Earlier this year, the U.S. Department of Transportation launched a $7 million advertising campaign to warn drivers about the dangers of railroad crossings. The DOT noted that while the total number of railroad incidents have been in decline over the past decade, a person or vehicle is still hit by a train roughly every three hours. In 2016, there were 232 reported deaths due to railroad crossing accidents.

Liberty Surplus Insurance Corp. v. Norfolk Southern Railway Co.

Recently the U.S. 11th Circuit Court of Appeals in Atlanta dealt with a personal injury lawsuit arising from a 2011 railroad crossing accident. The victim was severely injured when a train struck her. She claimed she could not see te approaching train due to “overgrown and improperly maintained vegetation at the railroad crossing.”

The victim sued not only the railroad operator but also the contractor hired to spray pesticide at the crossing. The contractor, in turn, had a railroad liability policy to insure it against possible lawsuit damages.

But as is often the case when dealing with a potentially large personal injury award, the insurer tried to escape responsibility. Although the insurer initially agreed to pay half the cost of defending the lawsuit, it later balked and instead filed a separate lawsuit against the railroad company and the contractor. The insurer basically asked for a judicial declaration the victim’s lawsuit was beyond the scope of the policy.

A federal judge in Georgia rejected the insurer’s claim. On appeal, the 11th Circuit affirmed that rejection. The insurer’s argument, the appeals court explained, came down to how the policy defined the term “work.”

The policy stated the insurer was not liable for personal injury that occurred once the contractor’s work of spraying the crossing with pesticides had been completed. The insurer noted the pesticide spraying had taken place 90 days before the victim’s accident. Ergo, the “completed work” exclusion in the insurance policy applied.

Not so fast, the 11th Circuit said. The railroad’s contract was not for a series of one-time sprayings, but rather created a “continuous maintenance and monitoring obligation” on the part of the contractor.
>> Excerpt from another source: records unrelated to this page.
text \<open>If \<open>N \<noteq> 0\<close> lies in both spaces, then, since \<open>T(\<L>\<^sub>0)\<close> and \<open>\<Omega>(\<E>\<^sub>0)\<close> are cones,
  \<open>N/\<parallel>N\<parallel>\<close> is admissible in the definition of \<open>\<xi>\<close> and \<open>N/\<parallel>N\<parallel>\<^sub>\<infinity>\<close> in that of \<open>\<mu>\<close>.
  Hence \<open>\<xi> \<ge> \<parallel>N\<parallel>\<^sub>\<infinity>/\<parallel>N\<parallel>\<close> and \<open>\<mu> \<ge> \<parallel>N\<parallel>/\<parallel>N\<parallel>\<^sub>\<infinity>\<close>, so \<open>\<xi> \<mu> \<ge> 1\<close>.
  Both suprema are over bounded sets because \<open>\<parallel>N\<parallel>\<^sub>\<infinity> \<le> \<parallel>N\<parallel> \<le> C \<parallel>N\<parallel>\<^sub>\<infinity>\<close> with \<open>C\<close> depending
  only on the dimensions.\<close>

lemma ratio_le_Sup_of_homogeneous:
  fixes f g :: "'a \<Rightarrow> real" and smult :: "real \<Rightarrow> 'a \<Rightarrow> 'a"
  assumes cone: "\<And>c y. 0 < c \<Longrightarrow> y \<in> C \<Longrightarrow> smult c y \<in> C"
    and f_homogeneous: "\<And>c y. 0 < c \<Longrightarrow> f (smult c y) = c * f y"
    and g_homogeneous: "\<And>c y. 0 < c \<Longrightarrow> g (smult c y) = c * g y"
    and bdd: "bdd_above {f y | y. y \<in> C \<and> g y \<le> 1}"
    and x: "x \<in> C" and gx_pos: "0 < g x"
  shows "f x / g x \<le> Sup {f y | y. y \<in> C \<and> g y \<le> 1}"
proof -
  let ?y = "smult (1 / g x) x"
  have "?y \<in> C" "g ?y \<le> 1"
    using x gx_pos by (simp_all add: cone g_homogeneous)
  then have "f ?y \<le> Sup {f y | y. y \<in> C \<and> g y \<le> 1}"
    by (intro cSup_upper bdd) blast
  then show ?thesis
    using gx_pos by (simp add: f_homogeneous)
qed

lemma matvec_norm_le_row_sums:
  fixes M :: mat and x :: "nat \<Rightarrow> real"
  assumes "(\<Sum>c<n. (x c)\<^sup>2) \<le> 1"
  shows "sqrt (\<Sum>r<m. (\<Sum>c<n. M r c * x c)\<^sup>2) \<le> sqrt (\<Sum>r<m. (\<Sum>c<n. \<bar>M r c\<bar>)\<^sup>2)"
proof -
  have x_le_1: "\<bar>x c\<bar> \<le> 1" if "c < n" for c
  proof -
    have "(x c)\<^sup>2 \<le> (\<Sum>c<n. (x c)\<^sup>2)"
      using that by (intro member_le_sum) auto
    with assms have "(x c)\<^sup>2 \<le> 1"
      by linarith
    then show ?thesis
      by (simp add: abs_square_le_1)
  qed
  have "\<bar>\<Sum>c<n. M r c * x c\<bar> \<le> (\<Sum>c<n. \<bar>M r c\<bar>)" for r
  proof -
    have "\<bar>\<Sum>c<n. M r c * x c\<bar> \<le> (\<Sum>c<n. \<bar>M r c\<bar> * \<bar>x c\<bar>)"
      using sum_abs[of "\<lambda>c. M r c * x c" "{..<n}"] by (simp add: abs_mult)
    also have "\<dots> \<le> (\<Sum>c<n. \<bar>M r c\<bar>)"
      using x_le_1 by (intro sum_mono) (simp add: mult_left_le)
    finally show ?thesis .
  qed
  then have "\<bar>\<Sum>c<n. M r c * x c\<bar>\<^sup>2 \<le> (\<Sum>c<n. \<bar>M r c\<bar>)\<^sup>2" for r
    by (intro power_mono) simp_all
  then have "(\<Sum>c<n. M r c * x c)\<^sup>2 \<le> (\<Sum>c<n. \<bar>M r c\<bar>)\<^sup>2" for r
    by simp
  then show ?thesis
    by (intro real_sqrt_le_mono sum_mono)
qed

lemma opnorm2_bdd_above:
  fixes M :: mat
  shows "bdd_above {sqrt (\<Sum>r<m. (\<Sum>c<n. M r c * x c)\<^sup>2) | x. (\<Sum>c<n. (x c)\<^sup>2) \<le> 1}"
  unfolding bdd_above_def using matvec_norm_le_row_sums by blast

lemma opnorm2_upper:
  assumes "(\<Sum>c<n. (x c)\<^sup>2) \<le> 1"
  shows "sqrt (\<Sum>r<m. (\<Sum>c<n. M r c * x c)\<^sup>2) \<le> opnorm2 m n M"
  unfolding opnorm2_def using assms by (intro cSup_upper opnorm2_bdd_above) blast

lemma opnorm2_least:
  assumes "\<And>x. (\<Sum>c<n. (x c)\<^sup>2) \<le> 1 \<Longrightarrow> sqrt (\<Sum>r<m. (\<Sum>c<n. M r c * x c)\<^sup>2) \<le> b"
  shows "opnorm2 m n M \<le> b"
  unfolding opnorm2_def
proof (rule cSup_least)
  have "(\<Sum>c<n. ((\<lambda>_. 0 :: real) c)\<^sup>2) \<le> 1"
    by simp
  then show "{sqrt (\<Sum>r<m. (\<Sum>c<n. M r c * x c)\<^sup>2) | x. (\<Sum>c<n. (x c)\<^sup>2) \<le> 1} \<noteq> {}"
    by (auto simp only: ex_in_conv[symmetric] mem_Collect_eq)
next
  fix y
  assume "y \<in> {sqrt (\<Sum>r<m. (\<Sum>c<n. M r c * x c)\<^sup>2) | x. (\<Sum>c<n. (x c)\<^sup>2) \<le> 1}"
  then obtain x where "y = sqrt (\<Sum>r<m. (\<Sum>c<n. M r c * x c)\<^sup>2)" "(\<Sum>c<n. (x c)\<^sup>2) \<le> 1"
    by blast
  then show "y \<le> b"
    using assms by simp
qed

lemma opnorm2_nonneg: "0 \<le> opnorm2 m n M"
  using opnorm2_upper[where x = "\<lambda>_. 0" and n = n and m = m and M = M] by simp

lemma opnorm2_le_row_sums: "opnorm2 m n M \<le> sqrt (\<Sum>r<m. (\<Sum>c<n. \<bar>M r c\<bar>)\<^sup>2)"
  by (intro opnorm2_least matvec_norm_le_row_sums)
Even the insurance company acknowledged this fact.

The insurance company argued that somehow, after each individual spraying was complete, the insurance policy ceased to apply until the next spraying began. This ignored the plain language of the contract. The railroad was paying for ongoing services over a fixed period of time.

The insurer tried in vain to convince the 11th Circuit that there were “different concepts of work” that supported its decision to exclude coverage. However, the appeals court explained it is not the function of judges to rewrite poorly written insurance contracts. To the contrary, Georgia law imposes a duty to strictly construe any ambiguous language in an insurance policy “in favor of coverage.” There is no “curious, hidden meaning” in an insurance contract. The insurer can therefore be held liable should the victim prevail in her personal injury claim against the pesticide contractor.